Вот такой встретился на моем пути доктор химических наук Туницкий.
…И я купил «Победу». Красивую, цвета беж, роскошную. И как будто мне господь бог сверху решил с машиной помочь: расторгают договор. Тут же «Молодая гвардия» заключает договор, и сейчас же я возвращаю долг моему благодетелю с благодарностью и становлюсь полноправным владельцем машины.
Но история с «Победой» еще не закончилась; приключения продолжались. В это время моя жена с двумя старшими детьми была в Коктебеле, и я отправился их навестить. Со мною увязался один ревнивец – мой друг, жена которого убежала в отпуск с любовником куда-то в те же места. Это был мой друг детства – как было ему не помочь! И мы понеслись по Симферопольскому шоссе…
Мы неслись на скорости 100 километров в час. Он все время меня подначивал: «Медленно едешь». Да все изливал тоску страдающего сердца – о том, что нельзя спускать глаз с предмета любви. Уж и мне начали страшные картины чудиться: Наталка-то моя была в Коктебеле, одна! Я накручиваю скорость… И мы разбились на мокром шоссе недалеко от Белгорода покатились в кювет, несколько раз перевернулись. И оба уцелели. Он жене тут же послал телеграмму: «Я в катастрофе». Жена бросила любовника, немедленно к нему вернулась, и этот случай послужил к их полному примирению. Ну это так, небольшой экскурс для увеселения читателей.
(Жена. Должна добавить: ждем мы отца в Коктебеле, ждем не дождемся. Завтра уже уезжать. И вдруг получаем телеграмму: «Жив-здоров, машина вдребезги». Вернулись в Москву – отца нет. Второй день нет, третий… Я начинаю волноваться. И вот, ночью, вламывается: «Наталка! Иди посмотри на нашу «Победу». Потолок с полом сплющился! Как это мы с Левкой еще уцелели? Это моя сноровка, я его голову к ногам прижал и сам, как мог, сплющился. Да вставай же!» Очень веселый, очень чумазый и полный энергии. Машину выстучали, покрасили, и – бегала еще долго, служила нам.)
Глава 14 Разгромный пленум
Прошло уже столько лет, а до сих пор душа болит. Я понял теперь, что такое – душа болит. Эта боль сродни той боли, которую чувствует человек при инфаркте. Она может пройти, потом опять вспомниться… Такие боли, в конце концов накапливаясь, формируют какое-то необратимое изменение в сердце, после которого наступает качественный скачок…

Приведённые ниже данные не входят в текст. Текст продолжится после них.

section \<open>Dines' theorem and the homogeneous S-lemma\<close>

lemma ex_complex_sqrt_components:
  fixes p q :: real
  obtains s t where "s\<^sup>2 - t\<^sup>2 = p" "2 * s * t = q" "s\<^sup>2 + t\<^sup>2 = sqrt (p\<^sup>2 + q\<^sup>2)"
proof -
  define z where "z = csqrt (Complex p q)"
  have "z\<^sup>2 = Complex p q" by (simp add: z_def)
  then have p: "Re z ^ 2 - Im z ^ 2 = p" and q: "2 * Re z * Im z = q"
    by (metis Re_power2 complex.sel(1), metis Im_power2 complex.sel(2))
  have "(Re z ^ 2 + Im z ^ 2)\<^sup>2 = (Re z ^ 2 - Im z ^ 2)\<^sup>2 + (2 * Re z * Im z)\<^sup>2"
    by algebra
  then have "Re z ^ 2 + Im z ^ 2 = sqrt (p\<^sup>2 + q\<^sup>2)"
    using p q by (metis add_nonneg_nonneg real_sqrt_abs zero_le_power2 abs_of_nonneg)
  with p q that show thesis by blast
qed

lemma ex_isotropic_positive:
  assumes U: "quadratic_form U" and W: "quadratic_form W"
    and U_sum: "U d1 + U d2 = 0" and W_sum: "W d1 + W d2 > 0"
  shows "\<exists>z. U z = 0 \<and> W z > 0"
proof -
  define u where "u = U d1"
  define p where "p = polar U d1 d2"
  define \<rho> where "\<rho> = sqrt (p\<^sup>2 + u\<^sup>2)"
  show ?thesis
  proof (cases "\<rho> = 0")
    case True
    then have "U d1 = 0" "U d2 = 0" using U_sum by (simp_all add: \<rho>_def u_def)
    moreover have "W d1 > 0 \<or> W d2 > 0" using W_sum by linarith
    ultimately show ?thesis by blast
  next
    case False
    then have "\<rho> > 0" by (simp add: \<rho>_def sum_power2_gt_zero_iff)
    have U_plane: "U (s *\<^sub>R d1 + t *\<^sub>R d2) = (s\<^sup>2 - t\<^sup>2) * u + (2 * s * t) * p" for s t
    proof -
      have "U d2 = - U d1" using U_sum by simp
      then show ?thesis by (simp add: quadratic_form_expand[OF U] u_def p_def algebra_simps)
    qed
    \<comment> \<open>The two isotropic directions of \<open>U\<close> in the plane come from the complex square
      roots of \<open>\<plusminus>(u \<i> - p)\<close>; their \<open>W\<close>-values add up to \<open>\<rho> (W d1 + W d2)\<close>.\<close>
    obtain s1 t1 where st1: "s1\<^sup>2 - t1\<^sup>2 = - p" "2 * s1 * t1 = u" "s1\<^sup>2 + t1\<^sup>2 = \<rho>"
      using ex_complex_sqrt_components[of "- p" u] by (auto simp: \<rho>_def)
    obtain s2 t2 where st2: "s2\<^sup>2 - t2\<^sup>2 = p" "2 * s2 * t2 = - u" "s2\<^sup>2 + t2\<^sup>2 = \<rho>"
      using ex_complex_sqrt_components[of p "- u"] by (auto simp: \<rho>_def)
    define z1 where "z1 = s1 *\<^sub>R d1 + t1 *\<^sub>R d2"
    define z2 where "z2 = s2 *\<^sub>R d1 + t2 *\<^sub>R d2"
    have "U z1 = 0" "U z2 = 0"
      using st1 st2 by (simp_all add: z1_def z2_def U_plane)
    have "W z1 + W z2 = (s1\<^sup>2 + s2\<^sup>2) * W d1 + (2 * s1 * t1 + 2 * s2 * t2) * polar W d1 d2
        + (t1\<^sup>2 + t2\<^sup>2) * W d2"
      by (simp add: z1_def z2_def quadratic_form_expand[OF W] algebra_simps)
    also have "\<dots> = \<rho> * (W d1 + W d2)"
    proof -
      have "s1\<^sup>2 + s2\<^sup>2 = \<rho>" "2 * s1 * t1 + 2 * s2 * t2 = 0" "t1\<^sup>2 + t2\<^sup>2 = \<rho>"
        using st1 st2 by linarith+
      then show ?thesis by (simp add: algebra_simps)
    qed
    finally have "W z1 + W z2 > 0"
      using \<open>\<rho> > 0\<close> W_sum by simp
    then show ?thesis
      using \<open>U z1 = 0\<close> \<open>U z2 = 0\<close> by (metis add_nonpos_nonpos not_less)
  qed
qed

У меня есть склонность, так сказать, к научному анализу. Вот я вспоминаю 8-й том Карамзина «О любви россиян к самодержавию». В частности, то место, где говорится об эпохе Ивана Грозного, об особенных качествах, заложенных той эпохой, об особенных каких-то прочных изменениях, оставленных Иваном Грозным. Привожу по памяти – вот что он пишет об опричнине: эта стая гладоносных насекомых, поднявшись, устремилась вглубь, вперед; не назад, а вперед, в глубь российской истории… То есть читающий эту главу должен подумать: «А не слышим ли мы до сих пор треска крыльев этой саранчи, не летают ли до сих пор эти насекомые, задевая нас, раня?» К чему я это говорю? Лопнула струна, прозвенела, я уже говорил, как в «Вишневом саду» или у Гоголя, «струна звенит в тумане»… И полился на мою голову мутный поток…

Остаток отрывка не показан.